Clinical Trial Begins for Promising Sickle Cell Gene Editing Treatment

October 5, 2020

Sickle cell disease (SCD), a group of inherited red blood cell disorders, affects as many as 100,000 people in the United States. Half of those with SCD will not live past the age of 50, and often at a young age SCD begins to cause symptoms that can include pain crises, stroke, and long-term organ damage. Bone marrow transplantation from a sibling whose tissue type (consisting of molecules called human leukocyte antigens) match the patient’s is the only known curative treatment—but just 15 percent of patients have a matched sibling donor. Unrelated donor transplants, using donor cells from volunteer registries such as Be the Match, haven’t been as successful as transplants from related donors; clinical trials are ongoing to improve outcomes. Additionally, African American and Hispanic patients, who make up the majority of those with sickle cell disease, are severely underrepresented in bone marrow registries, reducing their chance of finding a well-matched unrelated donor. 

Promising new research is now bringing hope for patients with SCD. Monica Bhatia, MD, director of Columbia’s Pediatric Stem Cell Transplant Program, is participating in an international clinical trial evaluating the use of gene editing as a curative treatment for patients with sickle cell disease and the related condition, thalassemia. The study uses a technology called CRISPR-Cas9 to make changes to patients’ DNA—in this case to a gene known as BCL11A. CRISPR-Cas9 consists of two elements: a guide RNA, whose role is to locate and bind to the DNA to be changed, and Cas9, a protein that essentially acts as scissors and cuts the DNA at the location identified by the RNA. The modified DNA then repairs itself, and now contains a new set of instructions. In this case, when the BCL11A gene is turned off, production of fetal hemoglobin (HbF) restarts; elevated HbF levels have been shown to decrease disease severity in patients with sickle cell disease. The study’s premise is that when the body produces cells with HbF, and not sickle cells, the patient will essentially be cured of SCD. 

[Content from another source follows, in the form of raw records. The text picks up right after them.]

lemma parent_edge_on_root_path:
  assumes p: "simple_path edges root v p" and v: "v \<in> W"
    and w: "w \<in> W" "{par w, w} \<in> walk_edges p"
  shows "v \<in> desc w" "w \<noteq> root"
proof -
  from p have p': "distinct p" "walk_edges p \<subseteq> edges" "p \<noteq> []" "hd p = root" "last p = v"
    by (simp_all add: simple_path_iff_walk_edges)
  have sep: "(root \<in> desc w) \<noteq> (v \<in> desc w)"
    using parent_edge_in_walk_iff[OF p'(1-3) level_pos[OF w(1)]] w(2) p'(4,5) by simp
  then show "w \<noteq> root" using descendants_root[OF v] by auto
  moreover have "root \<notin> desc w"
  proof
    assume "root \<in> desc w"
    then have "lvl w \<le> 1" using descendants_level_le level_root by metis
    then have "w = root" using level_one w(1) level_pos[OF w(1)] by simp
    with sep show False using descendants_root[OF v] by simp
  qed
  ultimately show "v \<in> desc w" using sep by simp
qed

lemma vertex_on_root_path:
  assumes p: "simple_path edges root v p" and v: "v \<in> W" and a: "a \<in> set p"
  shows "v \<in> desc a \<and> 0 < lvl a"
proof -
  obtain m where m: "m < length p" "p ! m = a" using a by (auto simp: in_set_conv_nth)
  show ?thesis
  proof (cases "Suc m = length p")
    case True
    then have "m = length p - 1" by simp
    then have "a = v" using m p by (auto simp: simple_path_def last_conv_nth)
    then show ?thesis using level_pos v by auto
  next
    case False
    then have e: "{p ! m, p ! Suc m} \<in> walk_edges p" using m by (auto simp: walk_edges_def)
    then have "{p ! m, p ! Suc m} \<in> edges" using p by (auto simp: simple_path_iff_walk_edges)
    then obtain w where w: "{p ! m, p ! Suc m} = {par w, w}" "w \<in> W"
      by (auto simp: parent_edges_def)
    with e have "{par w, w} \<in> walk_edges p" by simp
    note vw = parent_edge_on_root_path[OF p v w(2) this]
    have "a = par w \<or> a = w" using w m by (auto simp: doubleton_eq_iff)
    then show ?thesis
    proof
      assume "a = w" then show ?thesis using vw(1) level_pos[OF w(2)] by simp
    next
      assume a: "a = par w"
      have "w \<in> desc (par w)" using descendants_parentD[of w "par w"] by simp
      then have "v \<in> desc a" using a descendants_trans vw(1) by blast
      moreover have "lvl w \<noteq> 1" using level_one w(2) vw(2) by blast
      then have "0 < lvl a" using a level_pos[OF w(2)] level_parent[of w] by simp
      ultimately show ?thesis by simp
    qed
  qed
qed

lemma ancestor_iff_descendants:
  assumes v: "v \<in> W"
  shows "ancestor edges root a v \<longleftrightarrow> v \<in> desc a \<and> 0 < lvl a"
proof
  assume "ancestor edges root a v"
  then show "v \<in> desc a \<and> 0 < lvl a"
    using vertex_on_root_path[OF _ v] by (auto simp: ancestor_def)
next
  assume a: "v \<in> desc a \<and> 0 < lvl a"
  then obtain n where n: "(par ^^ n) v = a" by (auto simp: descendants_def)
  have "lvl a = lvl v - n" using n level_funpow by metis
  then have nl: "n \<le> lvl v - 1" using a by auto
  have "a \<in> set (ancestor_walk par v (lvl v - 1))"
    using ancestor_walk_nth[OF nl, of v] n nl
    by (metis le_imp_less_Suc length_ancestor_walk nth_mem)
  moreover have "simple_path edges root v (rev (ancestor_walk par v (lvl v - 1)))"
    using simple_path_rev[OF simple_path_ancestor_walk[OF v diff_le_self[of _ 1]]]
    unfolding funpow_level_root[OF v] .
  ultimately show "ancestor edges root a v"
    unfolding ancestor_def by (intro exI[of _ "rev (ancestor_walk par v (lvl v - 1))"]) simp
qed

lemma descendants_iff_child:
  assumes v: "v \<in> W" and u: "0 < lvl u" "lvl u < lvl v"
  shows "v \<in> desc u \<longleftrightarrow> (\<exists>w \<in> W. par w = u \<and> v \<in> desc w)"
proof
  assume "v \<in> desc u"
  then obtain n where n: "(par ^^ n) v = u" unfolding descendants_def by blast
  have l: "lvl u = lvl v - n" using n level_funpow by metis
  then obtain m where m: "n = Suc m" using u by (cases n) auto
  define w where "w = (par ^^ m) v"
  have "par w = u" using n m w_def by simp
  moreover have "0 < lvl w" using level_funpow[of m v] l m u w_def by simp
  then have "w \<in> W" using funpow_in_vertices[OF v] w_def by simp
  moreover have "v \<in> desc w" unfolding w_def descendants_def by blast
  ultimately show "\<exists>w \<in> W. par w = u \<and> v \<in> desc w" by blast
next
  assume "\<exists>w \<in> W. par w = u \<and> v \<in> desc w"
  then obtain w where w: "par w = u" "v \<in> desc w" by blast
  have "w \<in> desc u" using descendants_parentD[of w u] w(1) by simp
  then show "v \<in> desc u" using descendants_trans w(2) by blast
qed

lemma common_ancestor_deepest:
  assumes v1: "v1 \<in> W" and v2: "v2 \<in> W"
  obtains w where "v1 \<in> desc w" "v2 \<in> desc w" "0 < lvl w"
    "\<And>w'. v1 \<in> desc w' \<Longrightarrow> v2 \<in> desc w' \<Longrightarrow> 0 < lvl w' \<Longrightarrow> w \<in> desc w'"
proof -
  define C where "C = {x. v1 \<in> desc x \<and> v2 \<in> desc x \<and> 0 < lvl x}"
  have "(par ^^ (lvl v1 - 1)) v1 \<in> C"
    using funpow_level_root[OF v1] descendants_root[OF v1] descendants_root[OF v2] level_root
    by (simp add: C_def)
  define n0 where "n0 = (LEAST n. (par ^^ n) v1 \<in> C)"
  define w where "w = (par ^^ n0) v1"
  have wC: "w \<in> C" unfolding w_def n0_def by (rule LeastI) fact
  have deepest: "w \<in> desc w'" if "w' \<in> C" for w'
  proof -
    from that have "v1 \<in> desc w'" by (simp add: C_def)
    then obtain m where m: "(par ^^ m) v1 = w'" unfolding descendants_def by blast
    then have "n0 \<le> m" unfolding n0_def using that by (auto intro: Least_le)
    then have "(par ^^ (m - n0)) w = w'" using m unfolding w_def
      by (metis funpow_add comp_apply le_add_diff_inverse2)
    then show ?thesis by (auto simp: descendants_def)
  qed
  show ?thesis
  proof (rule that)
    show "v1 \<in> desc w" "v2 \<in> desc w" "0 < lvl w" using wC by (simp_all add: C_def)
    show "w \<in> desc w'" if "v1 \<in> desc w'" "v2 \<in> desc w'" "0 < lvl w'" for w'
      using deepest that by (simp add: C_def)
  qed
qed

lemma lca_eqI:
  assumes v1: "v1 \<in> W" and v2: "v2 \<in> W"
    and w: "v1 \<in> desc w" "v2 \<in> desc w" "0 < lvl w"
    and deepest: "\<And>w'. v1 \<in> desc w' \<Longrightarrow> v2 \<in> desc w' \<Longrightarrow> 0 < lvl w' \<Longrightarrow> w \<in> desc w'"
  shows "lca edges root v1 v2 = w"
  unfolding lca_def
proof (rule the_equality)
  have wW: "w \<in> W" using descendants_in_vertices[OF v1 w(1,3)] .
  show "ancestor edges root w v1 \<and> ancestor edges root w v2 \<and>
      (\<forall>w'. ancestor edges root w' v1 \<and> ancestor edges root w' v2 \<longrightarrow> ancestor edges root w' w)"
    using w deepest ancestor_iff_descendants[OF v1] ancestor_iff_descendants[OF v2]
      ancestor_iff_descendants[OF wW] by auto
  fix w2 assume w2: "ancestor edges root w2 v1 \<and> ancestor edges root w2 v2 \<and>
      (\<forall>w'. ancestor edges root w' v1 \<and> ancestor edges root w' v2 \<longrightarrow> ancestor edges root w' w2)"
  then have w2': "v1 \<in> desc w2" "v2 \<in> desc w2" "0 < lvl w2"
    using ancestor_iff_descendants[OF v1] ancestor_iff_descendants[OF v2] by auto
  then have "w2 \<in> W" using descendants_in_vertices[OF v1] by blast
  then have "w2 \<in> desc w"
    using w2 w ancestor_iff_descendants[OF v1] ancestor_iff_descendants[OF v2]
      ancestor_iff_descendants[of w2] by blast
  moreover have "w \<in> desc w2" using deepest w2' by blast
  ultimately show "w2 = w" using descendants_level_le descendants_level_eq by (metis le_antisym)
qed

lemma parent_edge_in_lca_paths_iff:
  assumes u: "u \<in> W" and v1: "v1 \<in> W" and v2: "v2 \<in> W"
  shows "{par u, u} \<in> path_edges edges v1 (lca edges root v1 v2)
           \<union> path_edges edges v2 (lca edges root v1 v2)
     \<longleftrightarrow> (v1 \<in> desc u) \<noteq> (v2 \<in> desc u)"
proof -
  obtain w where w: "v1 \<in> desc w" "v2 \<in> desc w" "0 < lvl w"
    and deepest: "\<And>w'. v1 \<in> desc w' \<Longrightarrow> v2 \<in> desc w' \<Longrightarrow> 0 < lvl w' \<Longrightarrow> w \<in> desc w'"
    using common_ancestor_deepest[OF v1 v2] by blast
  have lca: "lca edges root v1 v2 = w" using lca_eqI[OF v1 v2 w deepest] .
  obtain n1 n2 where n1: "(par ^^ n1) v1 = w" and n2: "(par ^^ n2) v2 = w"
    using w by (auto simp: descendants_def)
  have "n1 \<le> lvl v1" "n2 \<le> lvl v2"
    using n1 n2 w(3) level_funpow[of n1 v1] level_funpow[of n2 v2] by simp_all
  then have "{par u, u} \<in> path_edges edges v1 w \<longleftrightarrow> (v1 \<in> desc u) \<noteq> (w \<in> desc u)"
      "{par u, u} \<in> path_edges edges v2 w \<longleftrightarrow> (v2 \<in> desc u) \<noteq> (w \<in> desc u)"
    using parent_edge_in_path_edges_iff[OF v1 _ level_pos[OF u], of n1]
      parent_edge_in_path_edges_iff[OF v2 _ level_pos[OF u], of n2]
    unfolding n1 n2 by simp_all
  moreover have "w \<in> desc u \<longleftrightarrow> v1 \<in> desc u \<and> v2 \<in> desc u"
    using descendants_trans w deepest level_pos[OF u] by blast
  ultimately show ?thesis unfolding lca Un_iff by blast
qed

lemma path_edge_at_eq_parent_edge:
  assumes u: "u \<in> W"
  shows "(THE e. e \<in> path_edges edges base u \<and> u \<in> e) = {par u, u}"
proof -
  have base: "(par ^^ lvl u) u = base" using level_zero level_funpow by simp
  have base_notin: "base \<notin> desc w" if "w \<in> W" for w
  proof
    assume "base \<in> desc w"
    then have "lvl w \<le> lvl base" by (rule descendants_level_le)
    moreover have "lvl base = 0" using base level_funpow[of "lvl u" u] by simp
    ultimately show False using level_pos[OF that] by simp
  qed
  have edge_iff: "{par w, w} \<in> path_edges edges base u \<longleftrightarrow> u \<in> desc w" if "w \<in> W" for w
    using parent_edge_in_path_edges_iff[OF u le_refl level_pos[OF that]] base_notin[OF that]
    unfolding base path_edges_commute[of _ base] by simp
  show ?thesis
  proof (rule the_equality)
    show "{par u, u} \<in> path_edges edges base u \<and> u \<in> {par u, u}"
      using edge_iff[OF u] by simp
  next
    fix e assume e: "e \<in> path_edges edges base u \<and> u \<in> e"
    then have "e \<in> edges" using path_edges_subset_edges by blast
    then obtain w where w: "e = {par w, w}" "w \<in> W" by (auto simp: parent_edges_def)
    then have "u \<in> desc w" using e edge_iff by simp
    moreover have "u \<noteq> par w"
      using calculation descendants_level_le level_parent[of w] level_pos[OF w(2)] by fastforce
    ultimately show "e = {par u, u}" using e w by auto
  qed
qed

end

subsection \<open>Propagating Z-strings through layers of CNOTs\<close>

abbreviation layer_qubits :: "'q layer \<Rightarrow> 'q list" where
  "layer_qubits L \<equiv> concat (map (\<lambda>(c, x). [c, x]) L)"

lemma layer_gate_unique:
  assumes "distinct (layer_qubits L)" "(a, b) \<in> set L" "(a', b') \<in> set L" "a = a' \<or> b = b'"
  shows "(a, b) = (a', b')"
  using assms
proof (induction L)
  case (Cons g L)
  obtain c x where g: "g = (c, x)" by fastforce
  let ?Q = "set (layer_qubits L)"
  have mem: "u \<in> ?Q" "v \<in> ?Q" if "(u, v) \<in> set L" for u v
    using that by force+
  have d: "c \<notin> ?Q" "x \<notin> ?Q" "distinct (layer_qubits L)"
    using Cons.prems(1) g by auto
  show ?case
    using Cons.prems(2-4) Cons.IH[OF d(3)] mem d(1,2) g by fastforce
qed simp

lemma layer_conj_Nil [simp]: "layer_conj [] P = P"
  by (simp add: layer_conj_def)

lemma layer_conj_Cons [simp]: "layer_conj (g # L) P = layer_conj L (cnot_conj g P)"
  by (simp add: layer_conj_def)

lemma cnot_conj_components [simp]:
  "fst (cnot_conj (c, x) P) = (fst P)(x := (fst P x \<noteq> fst P c))"
  "snd (cnot_conj (c, x) P) = (snd P)(c := (snd P c \<noteq> snd P x))"
  by (simp_all add: cnot_conj_def)

lemma fst_layer_conj_Z_string: "fst P = (\<lambda>_. False) \<Longrightarrow> fst (layer_conj L P) = (\<lambda>_. False)"
proof (induction L arbitrary: P)
  case (Cons g L)
  then show ?case by (cases g) auto
qed simp

lemma snd_layer_conj_idle:
  "(\<forall>x. (p, x) \<notin> set L) \<Longrightarrow> snd (layer_conj L P) p = snd P p"
proof (induction L arbitrary: P)
  case (Cons g L)
  then show ?case by (cases g) auto
qed simp

lemma snd_layer_conj_control:
  "distinct (layer_qubits L) \<Longrightarrow> (p, x) \<in> set L \<Longrightarrow> snd (layer_conj L P) p = (snd P p \<noteq> snd P x)"
proof (induction L arbitrary: P)
  case (Cons g L)
  obtain c y where g: "g = (c, y)" by fastforce
  have d: "c \<notin> set (layer_qubits L)" "y \<notin> set (layer_qubits L)" "distinct (layer_qubits L)"
    using Cons.prems(1) g by auto
  show ?case
  proof (cases "(p, x) = g")
    case True
    have "\<forall>z. (c, z) \<notin> set L" using d(1) by force
    then show ?thesis using True g Cons.prems(1) by (simp add: snd_layer_conj_idle)
  next
    case False
    then have pxL: "(p, x) \<in> set L" using Cons.prems(2) by simp
    then have "p \<noteq> c" "x \<noteq> c" using d(1) by force+
    then show ?thesis using Cons.IH[OF d(3) pxL, of "cnot_conj g P"] g by simp
  qed
qed simp

lemma backprop_Suc: "t < length Ls \<Longrightarrow> backprop Ls t P = layer_conj (Ls ! t) (backprop Ls (Suc t) P)"
  unfolding backprop_def by (simp add: Cons_nth_drop_Suc[symmetric])

lemma backprop_length [simp]: "backprop Ls (length Ls) P = P"
  unfolding backprop_def by simp

lemma fst_backprop_Z_string:
  assumes "fst P = (\<lambda>_. False)"
  shows "fst (backprop Ls t P) = (\<lambda>_. False)"
proof -
  have "fst (fold layer_conj Ms P) = (\<lambda>_. False)" for Ms
    using assms by (induction Ms arbitrary: P) (simp_all add: fst_layer_conj_Z_string)
  then show ?thesis unfolding backprop_def .
qed

lemma anticommute_Z_string:
  assumes "fst R = (\<lambda>_. False)" "fst E = (\<lambda>p. p = q)"
  shows "anticommute E R \<longleftrightarrow> snd R q"
proof -
  have "{p. fst E p \<and> snd R p} = (if snd R q then {q} else {})" "{p. snd E p \<and> fst R p} = {}"
    using assms by auto
  then show ?thesis unfolding anticommute_def by (simp only:) simp
qed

The research is currently in the phase I/II stage, assessing the safety and efficacy of, and disease response to, the treatment among patients aged 18 to 35. Initial results have been so positive that the age limit has been lowered to 12. “Here’s how it works,” explains Dr. Bhatia. “First, patients undergo screenings to determine their fitness for the procedure. Then, the research team collects stem cells from them and sends them to a central facility where the cells are processed using CRISPR-Cas9 editing, then frozen and sent back to my team. Patients are then admitted to the hospital to receive chemotherapy that destroys their current bone marrow, followed by an infusion of the edited cells.” Patients usually remain in the hospital for four to six weeks and then return home. Afterward their physicians monitor them in the outpatient clinic for any side effects. Ultimately, patients are expected to see significant increases in HbF levels over time, rendering them sickle cell free.   

Initial trials in adults have so far reported promising results. Across the board, these patients have seen clinically meaningful and sustained HbF and total hemoglobin levels, as well as expression of HbF in all red blood cells. Following these successes in adult patients, Dr. Bhatia is hoping for equally strong results with younger patients 12 and over. She also hopes in the future to expand gene-editing trials to younger participants. With continued success, the CRISPR-Cas9 gene editing process has the potential to revolutionize curative treatment options for patients with hemoglobinopathies such as SCD.